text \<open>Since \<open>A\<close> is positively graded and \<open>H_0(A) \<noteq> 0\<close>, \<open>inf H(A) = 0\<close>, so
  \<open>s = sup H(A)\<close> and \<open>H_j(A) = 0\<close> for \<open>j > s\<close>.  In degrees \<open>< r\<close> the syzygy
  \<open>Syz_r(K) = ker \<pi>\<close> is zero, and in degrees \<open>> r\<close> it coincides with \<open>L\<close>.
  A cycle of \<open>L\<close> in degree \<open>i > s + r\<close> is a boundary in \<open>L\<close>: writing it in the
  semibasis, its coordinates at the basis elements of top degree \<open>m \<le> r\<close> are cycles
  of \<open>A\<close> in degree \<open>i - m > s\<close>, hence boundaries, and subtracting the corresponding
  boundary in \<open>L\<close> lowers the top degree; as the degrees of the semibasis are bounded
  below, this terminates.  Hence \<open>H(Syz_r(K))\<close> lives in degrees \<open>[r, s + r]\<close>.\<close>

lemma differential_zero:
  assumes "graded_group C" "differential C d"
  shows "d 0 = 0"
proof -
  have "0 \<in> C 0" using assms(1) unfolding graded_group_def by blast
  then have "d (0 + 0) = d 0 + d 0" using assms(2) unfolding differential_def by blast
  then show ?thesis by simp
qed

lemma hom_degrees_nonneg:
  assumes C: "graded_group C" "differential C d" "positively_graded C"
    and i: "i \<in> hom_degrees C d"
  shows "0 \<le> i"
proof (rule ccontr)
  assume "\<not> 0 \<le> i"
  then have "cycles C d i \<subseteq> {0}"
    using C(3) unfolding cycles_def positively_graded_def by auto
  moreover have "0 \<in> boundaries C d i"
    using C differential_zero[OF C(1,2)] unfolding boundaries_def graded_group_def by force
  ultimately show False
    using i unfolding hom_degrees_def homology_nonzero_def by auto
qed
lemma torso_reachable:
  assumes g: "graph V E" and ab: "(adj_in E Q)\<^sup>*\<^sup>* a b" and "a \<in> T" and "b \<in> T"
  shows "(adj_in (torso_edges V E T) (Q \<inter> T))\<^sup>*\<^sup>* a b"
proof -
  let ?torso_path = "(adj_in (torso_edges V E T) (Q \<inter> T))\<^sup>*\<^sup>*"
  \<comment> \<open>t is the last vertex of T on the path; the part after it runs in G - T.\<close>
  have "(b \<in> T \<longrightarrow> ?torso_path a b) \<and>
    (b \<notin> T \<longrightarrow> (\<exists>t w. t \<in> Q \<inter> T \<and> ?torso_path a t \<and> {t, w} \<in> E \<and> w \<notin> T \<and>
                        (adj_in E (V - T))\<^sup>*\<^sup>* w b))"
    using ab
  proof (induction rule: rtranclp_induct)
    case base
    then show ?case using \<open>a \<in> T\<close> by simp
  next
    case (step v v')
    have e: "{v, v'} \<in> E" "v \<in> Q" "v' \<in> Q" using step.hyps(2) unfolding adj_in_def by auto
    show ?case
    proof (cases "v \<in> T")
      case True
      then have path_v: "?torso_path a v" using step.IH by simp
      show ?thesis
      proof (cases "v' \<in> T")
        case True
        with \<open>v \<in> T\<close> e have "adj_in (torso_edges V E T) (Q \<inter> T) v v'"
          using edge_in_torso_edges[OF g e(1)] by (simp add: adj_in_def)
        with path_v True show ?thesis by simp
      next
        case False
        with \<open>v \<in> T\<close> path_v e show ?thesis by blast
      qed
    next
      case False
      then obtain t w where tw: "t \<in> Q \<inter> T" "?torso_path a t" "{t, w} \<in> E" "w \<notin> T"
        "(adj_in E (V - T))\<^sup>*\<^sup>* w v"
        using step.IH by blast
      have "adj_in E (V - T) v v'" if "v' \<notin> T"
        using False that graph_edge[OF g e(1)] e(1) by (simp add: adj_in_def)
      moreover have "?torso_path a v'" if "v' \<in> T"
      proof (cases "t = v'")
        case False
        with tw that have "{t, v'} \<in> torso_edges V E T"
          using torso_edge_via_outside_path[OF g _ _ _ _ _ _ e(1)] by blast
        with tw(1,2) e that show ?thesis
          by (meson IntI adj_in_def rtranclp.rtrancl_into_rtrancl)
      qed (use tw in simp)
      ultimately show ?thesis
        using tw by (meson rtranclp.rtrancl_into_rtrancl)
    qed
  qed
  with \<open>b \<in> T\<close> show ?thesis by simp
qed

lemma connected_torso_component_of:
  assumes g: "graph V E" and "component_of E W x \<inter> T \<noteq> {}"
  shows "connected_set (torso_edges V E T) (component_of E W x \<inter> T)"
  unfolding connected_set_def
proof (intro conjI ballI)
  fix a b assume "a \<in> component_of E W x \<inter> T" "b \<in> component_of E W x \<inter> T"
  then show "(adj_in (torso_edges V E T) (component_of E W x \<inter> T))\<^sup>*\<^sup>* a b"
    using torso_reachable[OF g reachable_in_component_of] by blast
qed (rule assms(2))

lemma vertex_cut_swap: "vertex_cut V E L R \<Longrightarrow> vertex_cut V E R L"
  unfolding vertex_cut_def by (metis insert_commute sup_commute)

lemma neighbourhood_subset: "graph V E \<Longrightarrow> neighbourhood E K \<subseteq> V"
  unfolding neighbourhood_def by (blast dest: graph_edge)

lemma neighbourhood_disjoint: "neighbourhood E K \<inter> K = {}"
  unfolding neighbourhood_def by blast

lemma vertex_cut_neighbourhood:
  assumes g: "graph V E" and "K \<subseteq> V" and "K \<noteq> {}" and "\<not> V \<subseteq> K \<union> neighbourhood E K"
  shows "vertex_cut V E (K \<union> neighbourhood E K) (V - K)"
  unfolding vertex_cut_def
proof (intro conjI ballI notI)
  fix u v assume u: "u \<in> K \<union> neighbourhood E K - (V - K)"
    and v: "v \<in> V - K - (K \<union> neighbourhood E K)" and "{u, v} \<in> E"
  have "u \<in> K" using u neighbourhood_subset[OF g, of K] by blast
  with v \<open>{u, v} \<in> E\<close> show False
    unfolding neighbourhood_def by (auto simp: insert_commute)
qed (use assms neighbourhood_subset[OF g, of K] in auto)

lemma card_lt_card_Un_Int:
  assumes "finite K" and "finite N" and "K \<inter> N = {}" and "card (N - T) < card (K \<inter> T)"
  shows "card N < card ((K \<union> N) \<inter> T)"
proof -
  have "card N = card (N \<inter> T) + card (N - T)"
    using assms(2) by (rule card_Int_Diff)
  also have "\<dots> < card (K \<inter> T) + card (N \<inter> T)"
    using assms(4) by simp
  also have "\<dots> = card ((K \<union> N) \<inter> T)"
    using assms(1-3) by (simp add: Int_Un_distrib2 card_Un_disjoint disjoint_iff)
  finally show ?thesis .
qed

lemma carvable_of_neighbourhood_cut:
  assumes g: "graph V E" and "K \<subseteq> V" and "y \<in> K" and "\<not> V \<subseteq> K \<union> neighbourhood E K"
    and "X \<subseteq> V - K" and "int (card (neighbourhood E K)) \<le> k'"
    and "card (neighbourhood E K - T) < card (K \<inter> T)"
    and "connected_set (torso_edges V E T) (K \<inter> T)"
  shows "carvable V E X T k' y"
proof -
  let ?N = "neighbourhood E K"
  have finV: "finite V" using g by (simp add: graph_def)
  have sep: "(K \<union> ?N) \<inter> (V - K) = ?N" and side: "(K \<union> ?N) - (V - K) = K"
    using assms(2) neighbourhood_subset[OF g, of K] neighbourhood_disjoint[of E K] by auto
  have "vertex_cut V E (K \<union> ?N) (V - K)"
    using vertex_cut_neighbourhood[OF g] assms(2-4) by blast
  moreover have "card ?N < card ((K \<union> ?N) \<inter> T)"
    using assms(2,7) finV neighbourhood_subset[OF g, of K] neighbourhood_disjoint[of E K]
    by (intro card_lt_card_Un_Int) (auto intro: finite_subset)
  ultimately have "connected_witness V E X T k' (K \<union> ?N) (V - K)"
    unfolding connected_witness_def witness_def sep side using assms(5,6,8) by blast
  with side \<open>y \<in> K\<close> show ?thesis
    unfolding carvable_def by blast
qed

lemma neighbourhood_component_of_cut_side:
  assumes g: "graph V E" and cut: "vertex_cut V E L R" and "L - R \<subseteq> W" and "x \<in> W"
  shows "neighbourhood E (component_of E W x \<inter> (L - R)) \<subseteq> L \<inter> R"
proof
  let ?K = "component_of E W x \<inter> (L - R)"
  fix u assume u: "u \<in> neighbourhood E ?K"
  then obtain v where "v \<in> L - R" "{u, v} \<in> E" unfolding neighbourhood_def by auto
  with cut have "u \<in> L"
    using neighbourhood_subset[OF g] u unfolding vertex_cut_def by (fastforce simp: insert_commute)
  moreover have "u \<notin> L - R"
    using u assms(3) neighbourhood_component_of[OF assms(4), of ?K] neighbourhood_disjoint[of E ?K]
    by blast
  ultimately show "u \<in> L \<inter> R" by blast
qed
───
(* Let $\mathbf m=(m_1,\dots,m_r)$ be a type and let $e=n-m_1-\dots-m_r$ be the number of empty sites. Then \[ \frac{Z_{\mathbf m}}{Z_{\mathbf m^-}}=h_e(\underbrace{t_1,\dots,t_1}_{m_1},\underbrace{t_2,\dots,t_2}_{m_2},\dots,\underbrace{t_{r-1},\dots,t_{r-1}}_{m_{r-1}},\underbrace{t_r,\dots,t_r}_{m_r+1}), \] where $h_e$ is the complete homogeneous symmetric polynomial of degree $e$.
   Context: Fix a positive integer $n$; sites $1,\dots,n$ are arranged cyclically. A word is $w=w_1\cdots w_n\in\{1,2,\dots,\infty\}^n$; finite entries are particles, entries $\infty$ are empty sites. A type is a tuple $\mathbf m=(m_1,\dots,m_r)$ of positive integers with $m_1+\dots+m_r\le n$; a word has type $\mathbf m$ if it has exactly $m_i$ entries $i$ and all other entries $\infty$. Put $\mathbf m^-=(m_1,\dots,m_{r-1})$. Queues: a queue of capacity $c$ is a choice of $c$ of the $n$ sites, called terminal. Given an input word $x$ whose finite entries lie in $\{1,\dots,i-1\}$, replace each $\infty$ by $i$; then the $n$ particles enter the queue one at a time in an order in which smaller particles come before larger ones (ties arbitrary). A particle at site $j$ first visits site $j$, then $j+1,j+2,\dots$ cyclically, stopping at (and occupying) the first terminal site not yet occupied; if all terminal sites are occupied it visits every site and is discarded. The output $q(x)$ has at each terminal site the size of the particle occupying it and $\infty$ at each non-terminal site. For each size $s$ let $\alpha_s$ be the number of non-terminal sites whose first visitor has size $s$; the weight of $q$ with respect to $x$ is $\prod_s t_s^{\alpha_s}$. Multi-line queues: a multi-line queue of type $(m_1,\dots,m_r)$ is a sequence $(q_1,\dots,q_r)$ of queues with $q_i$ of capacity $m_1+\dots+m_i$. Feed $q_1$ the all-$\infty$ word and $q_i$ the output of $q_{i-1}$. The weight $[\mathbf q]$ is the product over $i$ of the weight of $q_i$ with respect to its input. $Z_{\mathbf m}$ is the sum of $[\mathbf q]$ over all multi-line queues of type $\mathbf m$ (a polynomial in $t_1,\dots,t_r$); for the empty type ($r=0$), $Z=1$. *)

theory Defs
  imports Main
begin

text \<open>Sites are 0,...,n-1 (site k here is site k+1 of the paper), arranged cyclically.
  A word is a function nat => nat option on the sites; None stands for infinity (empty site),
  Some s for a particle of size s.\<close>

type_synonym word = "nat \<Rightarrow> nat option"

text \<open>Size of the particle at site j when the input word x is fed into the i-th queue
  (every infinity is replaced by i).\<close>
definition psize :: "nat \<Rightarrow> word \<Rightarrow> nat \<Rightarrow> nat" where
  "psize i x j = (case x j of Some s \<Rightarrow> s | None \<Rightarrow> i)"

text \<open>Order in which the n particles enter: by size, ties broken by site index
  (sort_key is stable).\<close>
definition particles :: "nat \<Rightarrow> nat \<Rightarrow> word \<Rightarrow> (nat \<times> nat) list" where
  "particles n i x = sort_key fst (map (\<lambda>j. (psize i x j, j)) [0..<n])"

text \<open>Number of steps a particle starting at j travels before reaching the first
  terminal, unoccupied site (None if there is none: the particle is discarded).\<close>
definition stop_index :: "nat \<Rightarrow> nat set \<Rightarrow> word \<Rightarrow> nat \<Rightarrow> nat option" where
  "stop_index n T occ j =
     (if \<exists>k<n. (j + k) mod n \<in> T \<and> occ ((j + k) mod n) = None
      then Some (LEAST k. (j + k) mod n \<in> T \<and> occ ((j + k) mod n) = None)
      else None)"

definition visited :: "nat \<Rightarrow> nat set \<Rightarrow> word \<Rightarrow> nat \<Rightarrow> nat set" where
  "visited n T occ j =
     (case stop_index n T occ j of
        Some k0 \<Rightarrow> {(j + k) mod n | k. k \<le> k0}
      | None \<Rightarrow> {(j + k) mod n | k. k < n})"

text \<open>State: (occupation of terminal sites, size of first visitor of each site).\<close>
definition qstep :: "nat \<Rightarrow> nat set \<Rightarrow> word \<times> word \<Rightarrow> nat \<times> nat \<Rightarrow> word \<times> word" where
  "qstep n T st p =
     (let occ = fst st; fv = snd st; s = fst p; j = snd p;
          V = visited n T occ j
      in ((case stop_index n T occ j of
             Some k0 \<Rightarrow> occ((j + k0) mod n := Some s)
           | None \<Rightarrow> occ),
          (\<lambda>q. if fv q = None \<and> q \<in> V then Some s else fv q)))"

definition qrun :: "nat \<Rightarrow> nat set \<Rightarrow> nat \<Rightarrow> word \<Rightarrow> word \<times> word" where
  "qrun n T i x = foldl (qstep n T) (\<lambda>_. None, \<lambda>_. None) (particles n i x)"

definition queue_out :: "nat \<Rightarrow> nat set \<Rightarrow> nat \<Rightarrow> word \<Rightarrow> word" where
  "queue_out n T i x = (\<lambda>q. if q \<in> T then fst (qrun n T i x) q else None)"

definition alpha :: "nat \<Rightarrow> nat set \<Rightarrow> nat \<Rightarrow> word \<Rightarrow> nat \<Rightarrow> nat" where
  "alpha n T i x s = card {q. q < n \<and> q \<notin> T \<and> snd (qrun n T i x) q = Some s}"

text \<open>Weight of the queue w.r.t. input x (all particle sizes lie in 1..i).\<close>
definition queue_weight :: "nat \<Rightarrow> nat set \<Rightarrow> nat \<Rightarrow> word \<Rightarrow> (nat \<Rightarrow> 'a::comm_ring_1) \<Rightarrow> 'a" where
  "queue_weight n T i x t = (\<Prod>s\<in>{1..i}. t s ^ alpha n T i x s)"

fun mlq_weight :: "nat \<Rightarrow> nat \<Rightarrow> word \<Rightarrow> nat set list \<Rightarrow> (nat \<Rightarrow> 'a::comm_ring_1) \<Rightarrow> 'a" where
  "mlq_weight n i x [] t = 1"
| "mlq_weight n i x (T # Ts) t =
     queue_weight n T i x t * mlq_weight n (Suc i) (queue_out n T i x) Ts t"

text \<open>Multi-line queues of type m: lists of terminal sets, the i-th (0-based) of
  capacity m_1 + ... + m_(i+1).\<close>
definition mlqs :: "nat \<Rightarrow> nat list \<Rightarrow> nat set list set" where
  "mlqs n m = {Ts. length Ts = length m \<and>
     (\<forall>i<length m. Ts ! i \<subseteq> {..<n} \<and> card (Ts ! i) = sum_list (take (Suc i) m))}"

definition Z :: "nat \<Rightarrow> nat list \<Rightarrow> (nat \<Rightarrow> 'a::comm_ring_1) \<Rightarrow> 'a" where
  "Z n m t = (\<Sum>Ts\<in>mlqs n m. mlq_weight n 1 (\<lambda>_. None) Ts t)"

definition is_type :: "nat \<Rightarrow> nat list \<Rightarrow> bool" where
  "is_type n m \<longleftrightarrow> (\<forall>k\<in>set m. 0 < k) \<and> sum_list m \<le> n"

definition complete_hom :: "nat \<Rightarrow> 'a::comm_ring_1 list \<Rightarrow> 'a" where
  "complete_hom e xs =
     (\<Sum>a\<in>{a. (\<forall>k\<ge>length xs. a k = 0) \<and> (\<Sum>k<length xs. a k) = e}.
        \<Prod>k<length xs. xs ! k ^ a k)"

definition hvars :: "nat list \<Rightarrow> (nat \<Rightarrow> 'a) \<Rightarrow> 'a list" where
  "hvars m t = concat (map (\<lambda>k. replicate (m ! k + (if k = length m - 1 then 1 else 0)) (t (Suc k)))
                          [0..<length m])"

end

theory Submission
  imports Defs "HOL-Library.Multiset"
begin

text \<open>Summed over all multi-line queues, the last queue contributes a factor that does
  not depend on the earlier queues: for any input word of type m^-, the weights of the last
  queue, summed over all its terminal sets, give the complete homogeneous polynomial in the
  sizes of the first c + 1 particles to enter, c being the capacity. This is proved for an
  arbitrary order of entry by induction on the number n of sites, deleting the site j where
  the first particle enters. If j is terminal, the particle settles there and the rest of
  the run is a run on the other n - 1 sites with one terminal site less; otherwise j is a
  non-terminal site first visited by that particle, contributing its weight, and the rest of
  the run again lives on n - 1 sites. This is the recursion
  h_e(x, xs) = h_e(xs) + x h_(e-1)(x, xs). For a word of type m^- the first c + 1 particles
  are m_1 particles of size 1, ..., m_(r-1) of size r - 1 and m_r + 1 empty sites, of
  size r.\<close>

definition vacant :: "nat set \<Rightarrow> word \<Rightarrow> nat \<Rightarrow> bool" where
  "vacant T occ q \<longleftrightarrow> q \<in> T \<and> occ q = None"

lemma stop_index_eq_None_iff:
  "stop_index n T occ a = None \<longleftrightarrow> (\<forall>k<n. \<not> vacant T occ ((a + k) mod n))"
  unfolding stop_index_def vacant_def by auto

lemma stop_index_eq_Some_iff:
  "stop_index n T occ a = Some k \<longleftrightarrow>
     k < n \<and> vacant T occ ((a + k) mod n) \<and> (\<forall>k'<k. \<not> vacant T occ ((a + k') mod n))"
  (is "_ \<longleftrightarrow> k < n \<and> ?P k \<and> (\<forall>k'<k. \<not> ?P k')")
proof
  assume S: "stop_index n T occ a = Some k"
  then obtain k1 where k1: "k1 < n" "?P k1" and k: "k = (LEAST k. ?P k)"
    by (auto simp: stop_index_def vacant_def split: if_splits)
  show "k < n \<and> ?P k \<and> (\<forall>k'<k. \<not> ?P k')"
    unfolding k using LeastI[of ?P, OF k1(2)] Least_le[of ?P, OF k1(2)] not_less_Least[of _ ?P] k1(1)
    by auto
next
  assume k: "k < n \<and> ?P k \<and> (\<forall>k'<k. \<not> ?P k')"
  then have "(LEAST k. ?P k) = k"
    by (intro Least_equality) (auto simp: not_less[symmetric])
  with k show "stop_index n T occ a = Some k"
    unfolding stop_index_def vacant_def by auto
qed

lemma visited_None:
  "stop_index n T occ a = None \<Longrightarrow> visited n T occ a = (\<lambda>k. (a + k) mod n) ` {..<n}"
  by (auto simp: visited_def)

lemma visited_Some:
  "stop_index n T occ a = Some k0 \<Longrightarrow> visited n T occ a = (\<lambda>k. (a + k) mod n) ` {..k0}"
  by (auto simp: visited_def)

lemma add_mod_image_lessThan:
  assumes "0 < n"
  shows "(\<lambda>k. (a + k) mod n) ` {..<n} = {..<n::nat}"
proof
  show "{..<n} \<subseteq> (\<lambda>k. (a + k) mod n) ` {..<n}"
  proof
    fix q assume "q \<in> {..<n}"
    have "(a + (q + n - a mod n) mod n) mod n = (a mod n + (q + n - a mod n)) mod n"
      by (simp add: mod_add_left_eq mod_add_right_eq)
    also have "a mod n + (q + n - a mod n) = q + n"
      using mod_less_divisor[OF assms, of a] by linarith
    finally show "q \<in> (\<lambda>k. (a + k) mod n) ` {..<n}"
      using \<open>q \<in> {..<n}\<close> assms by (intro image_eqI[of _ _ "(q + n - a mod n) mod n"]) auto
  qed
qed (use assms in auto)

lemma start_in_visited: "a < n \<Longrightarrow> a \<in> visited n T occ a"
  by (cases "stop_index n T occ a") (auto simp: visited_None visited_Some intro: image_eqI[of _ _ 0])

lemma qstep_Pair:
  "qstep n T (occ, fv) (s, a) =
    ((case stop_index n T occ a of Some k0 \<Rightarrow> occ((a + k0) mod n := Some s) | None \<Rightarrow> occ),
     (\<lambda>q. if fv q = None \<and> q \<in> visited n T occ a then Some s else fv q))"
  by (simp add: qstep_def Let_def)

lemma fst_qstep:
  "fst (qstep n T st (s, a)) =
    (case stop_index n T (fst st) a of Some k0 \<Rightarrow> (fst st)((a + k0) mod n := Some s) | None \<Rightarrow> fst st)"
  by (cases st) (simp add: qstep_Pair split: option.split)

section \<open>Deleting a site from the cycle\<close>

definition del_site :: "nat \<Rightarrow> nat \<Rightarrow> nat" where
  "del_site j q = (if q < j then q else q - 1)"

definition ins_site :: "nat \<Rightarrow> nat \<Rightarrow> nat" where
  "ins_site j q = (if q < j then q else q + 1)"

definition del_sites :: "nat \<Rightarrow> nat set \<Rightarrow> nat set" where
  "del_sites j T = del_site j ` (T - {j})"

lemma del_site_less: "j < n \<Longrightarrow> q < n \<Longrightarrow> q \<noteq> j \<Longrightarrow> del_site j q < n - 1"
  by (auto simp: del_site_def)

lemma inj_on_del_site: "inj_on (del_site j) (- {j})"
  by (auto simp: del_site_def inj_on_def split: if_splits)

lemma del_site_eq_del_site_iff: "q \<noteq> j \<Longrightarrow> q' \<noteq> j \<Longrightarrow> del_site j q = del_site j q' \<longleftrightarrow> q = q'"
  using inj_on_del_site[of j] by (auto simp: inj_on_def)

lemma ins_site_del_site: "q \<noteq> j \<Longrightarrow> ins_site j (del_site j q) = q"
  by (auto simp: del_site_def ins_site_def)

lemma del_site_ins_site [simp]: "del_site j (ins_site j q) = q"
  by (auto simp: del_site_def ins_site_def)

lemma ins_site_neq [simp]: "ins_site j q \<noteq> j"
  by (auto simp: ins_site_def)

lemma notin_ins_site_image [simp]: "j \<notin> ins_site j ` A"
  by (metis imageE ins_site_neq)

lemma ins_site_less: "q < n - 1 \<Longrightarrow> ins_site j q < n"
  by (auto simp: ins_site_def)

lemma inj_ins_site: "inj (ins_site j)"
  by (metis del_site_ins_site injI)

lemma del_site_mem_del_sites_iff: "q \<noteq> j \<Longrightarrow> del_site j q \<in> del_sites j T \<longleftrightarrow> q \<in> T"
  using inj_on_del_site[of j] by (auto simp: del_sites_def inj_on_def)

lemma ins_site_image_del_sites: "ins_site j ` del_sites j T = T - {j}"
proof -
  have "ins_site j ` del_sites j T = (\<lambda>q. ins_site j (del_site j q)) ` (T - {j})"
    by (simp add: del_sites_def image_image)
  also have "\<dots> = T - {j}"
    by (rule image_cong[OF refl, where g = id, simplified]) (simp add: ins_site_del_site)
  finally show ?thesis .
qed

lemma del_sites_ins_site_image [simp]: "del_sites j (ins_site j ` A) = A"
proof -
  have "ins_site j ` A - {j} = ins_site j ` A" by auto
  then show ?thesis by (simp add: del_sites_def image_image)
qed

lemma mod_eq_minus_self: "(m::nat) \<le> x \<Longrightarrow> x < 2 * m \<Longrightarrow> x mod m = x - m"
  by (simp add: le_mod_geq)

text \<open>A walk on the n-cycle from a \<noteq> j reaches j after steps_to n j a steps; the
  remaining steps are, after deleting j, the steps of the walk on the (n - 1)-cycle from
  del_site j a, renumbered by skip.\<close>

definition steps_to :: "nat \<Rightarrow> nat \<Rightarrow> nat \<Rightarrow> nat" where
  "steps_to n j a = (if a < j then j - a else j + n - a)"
───
### DIRECTIONS FOR THIS TASK
Please state how many lines of the listing contain the string "ballI". Give only that number.

### THE ANSWER
2